Unlike some of our more provident companions, neither Kelmar nor I had brought anything to eat or drink. But strangely enough — at least for the first few days — we didn’t suffer much from hunger and thirst. We talked softly to each other. We evoked memories of the Capital. We discussed the books we’d read, the comrades we’d had at the University, and the cafés I used to pass with Ulli Rätte, the same cafés in which Kelmar, who came from a well-to-do family, used to meet his friends to drink burned brandy and beer and large cups of creamy chocolate. Kelmar told me about his family: about his father, who was a fur merchant; about his mother, who spent her days playing piano in their great house on the banks of the river; and about his six sisters, who ranged in age from ten to eighteen. He told me their names, but I can’t remember them. I talked to him about Amelia and Fedorine, about our village and its surroundings, its landscapes, its springs, its forests, its flowers, and its animals.

Thus, for three days, our food and drink were words, and we nourished each other with them in the stinking heat of the railway car. Sometimes at night we managed to sleep a little, but when we couldn’t, we continued our conversations. The child in the young woman’s arms made no sound. He took her breast when she gave it to him, but he never demanded it. I watched him with the nipple in his little mouth, creasing his cheeks in his effort to draw out some milk, but his mother’s breasts looked flaccid and empty, and the baby soon grew tired of sucking in vain. Then his mother produced a glass demijohn enclosed in wicker-work and poured a little water into his mouth. Others in the car had similar treasures — a bit of bread, a chunk of cheese, some cookies or sausage or water, which they guarded jealously and kept under their clothes, next to their skin.

In the beginning, I was very thirsty. My mouth burned. I felt as though my tongue was becoming enormous and dry, like an old stump, filling my mouth to the point of bursting. I had no more saliva. My teeth were like red-hot daggers, thrusting their little points into my gums. I believed they were bleeding, but then I passed my fingers over them and saw that it was only an illusion. Gradually, bizarrely my thirst disappeared. I was feeling weaker and weaker, but I wasn’t thirsty anymore. And barely hungry. The two of us, Kelmar and I, kept on talking.

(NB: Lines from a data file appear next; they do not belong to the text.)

(* Flipping the sign of e makes the circle it closes consistent, hence positive; so that circle is negative. *)
lemma not_balanced_if_joined_inconsistent:
  assumes "\<forall>f\<in>insert e B. finite (ends f)" and "\<forall>f\<in>B. consistent ends \<sigma> \<tau> f" and "\<forall>v. \<tau> v \<in> {1, -1}"
    and "(joins ends B)\<^sup>*\<^sup>* u v" and "u \<noteq> v" and "e \<notin> B" and "ends e = {u, v}"
    and "\<sigma> e = - (\<tau> u * \<tau> v)"
  shows "\<not> balanced ends \<sigma> (insert e B)"
proof -
  obtain C where C: "e \<in> C" "C \<subseteq> insert e B" "is_circle ends C"
    using joined_edge_closes_circle assms(4-7) by metis
  define \<sigma>' where "\<sigma>' = \<sigma>(e := \<tau> u * \<tau> v)"
  have "\<forall>f\<in>insert e B. consistent ends \<sigma>' \<tau> f"
    using assms(2,5-7) by (auto simp: \<sigma>'_def consistent_two_ends consistent_def)
  then have "(\<Prod>f\<in>C. \<sigma>' f) = 1"
    using balanced_if_consistent[OF assms(1) _ assms(3)] C unfolding balanced_def by blast
  moreover have "finite C" using C(3) by (simp add: is_circle_def)
  ultimately have "(\<Prod>f\<in>C. \<sigma> f) = - 1"
    using C(1) assms(8) by (simp add: prod.remove \<sigma>'_def)
  then show ?thesis using C unfolding balanced_def by force
qed

lemma consistent_switch_component:
  assumes "\<forall>f\<in>B. consistent ends \<sigma> \<tau> f" and "\<not> (joins ends B)\<^sup>*\<^sup>* u v"
    and "ends e = {u, v}" and "u \<noteq> v" and "\<sigma> e = - (\<tau> u * \<tau> v)"
  shows "\<forall>f\<in>insert e B. consistent ends \<sigma> (switch_on {w. (joins ends B)\<^sup>*\<^sup>* u w} \<tau>) f"
proof
  define K where "K = {w. (joins ends B)\<^sup>*\<^sup>* u w}"
  have closed: "x \<in> K \<longleftrightarrow> y \<in> K" if "joins ends B x y" for x y
    using that sympD[OF symp_joins that] unfolding K_def
    by (auto intro: rtranclp.rtrancl_into_rtrancl)
  fix f assume f: "f \<in> insert e B"
  show "consistent ends \<sigma> (switch_on K \<tau>) f"
  proof (cases "card (ends f) = 2")
    case True
    then obtain x y where xy: "ends f = {x, y}" "x \<noteq> y" by (auto simp: card_2_iff)
    show ?thesis
    proof (cases "f = e")
      case True
      then show ?thesis using assms(2-5) xy by (auto simp: consistent_switch_on K_def doubleton_eq_iff)
    next
      case False
      then have "joins ends B x y" using f xy by (auto simp: joins_def)
      then have "x \<in> K \<longleftrightarrow> y \<in> K" by (rule closed)
      moreover have "\<sigma> f = \<tau> x * \<tau> y"
        using assms(1) f False xy by (auto simp: consistent_two_ends)
      ultimately show ?thesis by (simp add: consistent_switch_on[of ends f x y, OF xy])
    qed
  next
    case False
    then show ?thesis using assms(1,3,4) f by (auto simp: consistent_def)
  qed
qed

lemma balanced_imp_consistent_switching:
  assumes "finite B" and "\<forall>e\<in>B. card (ends e) \<in> {1, 2} \<and> \<sigma> e \<in> {1, -1}" and "balanced ends \<sigma> B"
  shows "\<exists>\<tau>. (\<forall>v. \<tau> v \<in> {1, -1}) \<and> (\<forall>e\<in>B. consistent ends \<sigma> \<tau> e)"
  using assms
proof (induction B rule: finite_induct)
  case empty
  show ?case by (intro exI[of _ "\<lambda>_. 1"]) auto
next
  case (insert e B)
  have bal: "balanced ends \<sigma> (insert e B)" using insert.prems by blast
  then have "balanced ends \<sigma> B" unfolding balanced_def by blast
  then obtain \<tau> where \<tau>: "\<forall>v. \<tau> v \<in> {1, -1}" "\<forall>f\<in>B. consistent ends \<sigma> \<tau> f"
    using insert.IH insert.prems by blast
  have e: "card (ends e) \<in> {1, 2}" "\<sigma> e \<in> {1, -1}" using insert.prems by auto
  show ?case
  proof (cases "consistent ends \<sigma> \<tau> e")
    case True
    then show ?thesis using \<tau> by blast
  next
    case inconsistent: False
    consider v where "ends e = {v}" | u v where "ends e = {u, v}" "u \<noteq> v"
      using e(1) by (auto simp: card_1_singleton_iff card_2_iff)
    then show ?thesis
    proof cases
      case (1 v)
      then have "\<sigma> e = -1" using inconsistent e(2) by (auto simp: consistent_def)
      then show ?thesis using bal is_circle_loop[of ends e v, OF 1] unfolding balanced_def by force
    next
      case (2 u v)
      have \<sigma>e: "\<sigma> e = - (\<tau> u * \<tau> v)"
        using inconsistent e(2) \<tau>(1)[rule_format, of u] \<tau>(1)[rule_format, of v] 2
        by (auto simp: consistent_two_ends)
      have "\<forall>f\<in>insert e B. finite (ends f)"
        using insert.prems(1) by (fastforce intro!: card_ge_0_finite)
      then have "\<not> (joins ends B)\<^sup>*\<^sup>* u v"
        using not_balanced_if_joined_inconsistent[OF _ \<tau>(2,1) _ 2(2) insert.hyps(2) 2(1) \<sigma>e] bal by blast
      then have "\<forall>f\<in>insert e B. consistent ends \<sigma> (switch_on {w. (joins ends B)\<^sup>*\<^sup>* u w} \<tau>) f"
        using consistent_switch_component[OF \<tau>(2) _ 2 \<sigma>e] by blast
      moreover have "switch_on K \<tau> w \<in> {1, -1}" for K w using \<tau>(1) by (auto simp: switch_on_def)
      ultimately show ?thesis by blast
    qed
  qed
qed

The young woman paid no attention to us. She surely must have heard us, however, and I know she could feel me as I felt her, her hip against mine, her shoulder, sometimes even her head, striking my head or leaning on me in sleep. She never said a word to us. She held her baby close, and likewise her equally precious demijohn, rationing the water methodically and sparing only a little at a time for herself and her child.

We had lost all sense of time and place. I don’t mean the immediate place we were in, bounded by the dimensions of the freight car, but the geography our train was slowly lumbering through. What direction were we traveling in? What was our destination? What regions, what countries were we crossing? Did they exist on any maps?

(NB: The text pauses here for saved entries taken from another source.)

(* Let $\omega\in\Bbbk\setminus\{0,1\}$ and let $\phi$ be the automorphism of $A$ with $\phi(x)=\omega x$, $\phi(y)=\omega^{N-1}y$. If $N=1$ then $\mathrm{H}^1(A,{}_\phi A)=0$. If $N\ge2$, then $\mathrm{H}^1(A,{}_\phi A)$ has Hilbert series $0$ when $\omega^{N-1}\ne1$, and $\dfrac{1}{t(1-t^{N-1})}$ when $\omega^{N-1}=1$.
   Context: Let $\Bbbk$ be a field of characteristic zero and $N\ge1$ an integer. Let $A=A_N$ be the $\Bbbk$-algebra generated by $x,y$ subject to $yx-xy=x^N$, graded with $x$ in degree $1$ and $y$ in degree $N-1$. For an automorphism $\phi$, a $\phi$-twisted derivation is a linear map $\partial:A\to A$ with $\partial(ab)=\partial(a)b+\phi(a)\partial(b)$; it is inner if of the form $a\mapsto ma-\phi(a)m$ for some $m\in A$. ${}_\phi A$ is $A$ with left action twisted by $\phi$, and $\mathrm{H}^1(A,{}_\phi A)$ is the quotient of $\phi$-twisted derivations by inner ones, graded by degree of homogeneous twisted derivations ($\partial(A_p)\subseteq A_{p+l}$), which makes sense since $\phi$ is homogeneous. *)

theory Defs
  imports Main
begin

text \<open>Abstract presentation of the algebra A_N over a field k (type 'k):
  'a is a ring, emb : 'k -> 'a is the structure map (a central ring
  homomorphism, so 'a is a k-algebra with scalar action c . a = emb c * a),
  x, y satisfy y x - x y = x^N, and the monomials x^i y^j form a k-basis.\<close>

definition mono_comb :: "('k \<Rightarrow> 'a::ring_1) \<Rightarrow> 'a \<Rightarrow> 'a \<Rightarrow> (nat \<times> nat) set \<Rightarrow> (nat \<Rightarrow> nat \<Rightarrow> 'k) \<Rightarrow> 'a" where
  "mono_comb emb x y S c = (\<Sum>(i, j)\<in>S. emb (c i j) * x ^ i * y ^ j)"

definition is_k_algebra :: "('k::field \<Rightarrow> 'a::ring_1) \<Rightarrow> bool" where
  "is_k_algebra emb \<longleftrightarrow>
     emb 1 = 1 \<and> (\<forall>a b. emb (a + b) = emb a + emb b) \<and>
     (\<forall>a b. emb (a * b) = emb a * emb b) \<and> (\<forall>c u. emb c * u = u * emb c)"

definition is_A_N :: "('k::field \<Rightarrow> 'a::ring_1) \<Rightarrow> nat \<Rightarrow> 'a \<Rightarrow> 'a \<Rightarrow> bool" where
  "is_A_N emb N x y \<longleftrightarrow>
     is_k_algebra emb \<and>
     y * x - x * y = x ^ N \<and>
     (\<forall>u. \<exists>S c. finite S \<and> u = mono_comb emb x y S c) \<and>
     (\<forall>S c. finite S \<longrightarrow> mono_comb emb x y S c = 0 \<longrightarrow> (\<forall>(i, j)\<in>S. c i j = 0))"

definition graded_piece :: "('k::field \<Rightarrow> 'a::ring_1) \<Rightarrow> nat \<Rightarrow> 'a \<Rightarrow> 'a \<Rightarrow> int \<Rightarrow> 'a set" where
  "graded_piece emb N x y p =
     {u. \<exists>S c. finite S \<and> (\<forall>(i, j)\<in>S. int i + int (N - 1) * int j = p) \<and>
              u = mono_comb emb x y S c}"

definition k_linear :: "('k::field \<Rightarrow> 'a::ring_1) \<Rightarrow> ('a \<Rightarrow> 'a) \<Rightarrow> bool" where
  "k_linear emb f \<longleftrightarrow> (\<forall>u v. f (u + v) = f u + f v) \<and> (\<forall>c u. f (emb c * u) = emb c * f u)"

definition k_alg_aut :: "('k::field \<Rightarrow> 'a::ring_1) \<Rightarrow> ('a \<Rightarrow> 'a) \<Rightarrow> bool" where
  "k_alg_aut emb \<phi> \<longleftrightarrow> bij \<phi> \<and> k_linear emb \<phi> \<and> \<phi> 1 = 1 \<and> (\<forall>u v. \<phi> (u * v) = \<phi> u * \<phi> v)"

definition twisted_der :: "('k::field \<Rightarrow> 'a::ring_1) \<Rightarrow> ('a \<Rightarrow> 'a) \<Rightarrow> ('a \<Rightarrow> 'a) \<Rightarrow> bool" where
  "twisted_der emb \<phi> d \<longleftrightarrow> k_linear emb d \<and> (\<forall>u v. d (u * v) = d u * v + \<phi> u * d v)"

definition inner_twisted :: "('a::ring_1 \<Rightarrow> 'a) \<Rightarrow> ('a \<Rightarrow> 'a) \<Rightarrow> bool" where
  "inner_twisted \<phi> d \<longleftrightarrow> (\<exists>m. \<forall>u. d u = m * u - \<phi> u * m)"

definition hom_der :: "('k::field \<Rightarrow> 'a::ring_1) \<Rightarrow> nat \<Rightarrow> 'a \<Rightarrow> 'a \<Rightarrow> ('a \<Rightarrow> 'a) \<Rightarrow> int \<Rightarrow> ('a \<Rightarrow> 'a) set" where
  "hom_der emb N x y \<phi> l =
     {d. twisted_der emb \<phi> d \<and>
         (\<forall>p. \<forall>u\<in>graded_piece emb N x y p. d u \<in> graded_piece emb N x y (p + l))}"

definition hom_inner :: "('k::field \<Rightarrow> 'a::ring_1) \<Rightarrow> nat \<Rightarrow> 'a \<Rightarrow> 'a \<Rightarrow> ('a \<Rightarrow> 'a) \<Rightarrow> int \<Rightarrow> ('a \<Rightarrow> 'a) set" where
  "hom_inner emb N x y \<phi> l = {d \<in> hom_der emb N x y \<phi> l. inner_twisted \<phi> d}"

text \<open>dim_k (V / W) = n for a subspace W of a k-space V of maps 'a -> 'a
  (scalar action (c . f) u = emb c * f u): there are f_0..f_(n-1) in V whose
  classes modulo W are linearly independent and span V / W.\<close>
definition has_quot_dim :: "('k::field \<Rightarrow> 'a::ring_1) \<Rightarrow> ('a \<Rightarrow> 'a) set \<Rightarrow> ('a \<Rightarrow> 'a) set \<Rightarrow> nat \<Rightarrow> bool" where
  "has_quot_dim emb V W n \<longleftrightarrow>
     (\<exists>fs. length fs = n \<and> set fs \<subseteq> V \<and>
        (\<forall>c::nat \<Rightarrow> 'k. (\<lambda>u. \<Sum>i<n. emb (c i) * (fs ! i) u) \<in> W \<longrightarrow> (\<forall>i<n. c i = 0)) \<and>
        (\<forall>f\<in>V. \<exists>c::nat \<Rightarrow> 'k. (\<lambda>u. f u - (\<Sum>i<n. emb (c i) * (fs ! i) u)) \<in> W))"

end

theory Submission
  imports Defs
begin

text \<open>
  Since \<open>m x = x (m + R)\<close> with \<open>R\<close> of lower \<open>y\<close>-degree,
  induction on the \<open>y\<close>-degree shows that for \<open>w \<noteq> 1\<close> the map \<open>m \<mapsto> m x - w x m\<close> is injective
  and its image contains \<open>x A\<close>. This map at \<open>w = \<omega>\<close> gives the values at \<open>x\<close> of the inner
  derivations, and the defining relation shows that a twisted derivation is determined by its
  value at \<open>x\<close>. Hence a twisted derivation \<open>d\<close> is inner iff the \<open>x\<close>-free part \<open>a \<in> k[y]\<close>
  of \<open>d x\<close> vanishes. After subtracting an inner derivation, \<open>d x = a\<close>, and applying \<open>d\<close> to
  \<open>y x - x y = x ^ N\<close> puts \<open>(1 - \<omega> ^ (N - 1)) a y + d (x ^ N)\<close> into \<open>x A\<close>. For \<open>N = 1\<close>
  this element is \<open>a\<close>, and for \<open>N \<ge> 2\<close> we have \<open>d (x ^ N) \<in> x A\<close>; so \<open>a = 0\<close> unless
  \<open>N \<ge> 2\<close> and \<open>\<omega> ^ (N - 1) = 1\<close>. In that case a derivation of degree \<open>l\<close> has \<open>a = c y ^ k\<close> with
  \<open>(N - 1) k = l + 1\<close>, and a derivation with \<open>d x = y ^ k\<close> does exist: twisted derivations
  correspond to algebra maps \<open>u \<mapsto> ((\<phi> u, d u), (0, u))\<close> into upper triangular matrices,
  which the universal property of \<open>A\<close> provides.
\<close>

datatype 'a utri = UTri (diag1: 'a) (corner: 'a) (diag2: 'a)

text \<open>\<open>UTri a b c\<close> is the upper triangular matrix with rows \<open>(a, b)\<close> and \<open>(0, c)\<close>.\<close>

instantiation utri :: (ring_1) ring_1
begin
definition "0 = UTri 0 0 0"
definition "1 = UTri 1 0 1"
definition "A + B = UTri (diag1 A + diag1 B) (corner A + corner B) (diag2 A + diag2 B)"
definition "A - B = UTri (diag1 A - diag1 B) (corner A - corner B) (diag2 A - diag2 B)"
definition "- A = UTri (- diag1 A) (- corner A) (- diag2 A)"
definition "A * B =
  UTri (diag1 A * diag1 B) (diag1 A * corner B + corner A * diag2 B) (diag2 A * diag2 B)"
instance
  by standard (auto simp: zero_utri_def one_utri_def plus_utri_def minus_utri_def
      uminus_utri_def times_utri_def algebra_simps intro: utri.expand)
end

lemma UTri_mult [simp]: "UTri a b c * UTri a' b' c' = UTri (a * a') (a * b' + b * c') (c * c')"
  and UTri_add [simp]: "UTri a b c + UTri a' b' c' = UTri (a + a') (b + b') (c + c')"
  and UTri_diff [simp]: "UTri a b c - UTri a' b' c' = UTri (a - a') (b - b') (c - c')"
  by (simp_all add: times_utri_def plus_utri_def minus_utri_def)

lemma utri_sel_0 [simp]: "diag1 0 = 0" "corner 0 = 0" "diag2 0 = 0"
  and utri_sel_add [simp]: "diag1 (A + B) = diag1 A + diag1 B" "corner (A + B) = corner A + corner B"
    "diag2 (A + B) = diag2 A + diag2 B"
  and utri_sel_mult [simp]: "diag1 (A * B) = diag1 A * diag1 B"
    "corner (A * B) = diag1 A * corner B + corner A * diag2 B" "diag2 (A * B) = diag2 A * diag2 B"
  by (simp_all add: zero_utri_def plus_utri_def times_utri_def)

Today I know that they existed on no map and came into being as our train rolled over them. Our freight car and all the other cars like ours — carriages in which, as in ours, dozens of women, children, and men, gasping for air, consumed by thirst, fever, and hunger, were pressed against one another, sometimes the dead against the living — our car and the other cars were inventing, from one minute to the next, a country, the land of inhumanity, of the negation of all humanity, and the camp was going to be that country’s heart. That was the journey we were making, the likes of which nobody had ever made before us — I mean not so methodical, so thorough, so efficient a journey as ours, which left no leeway for the unforeseen.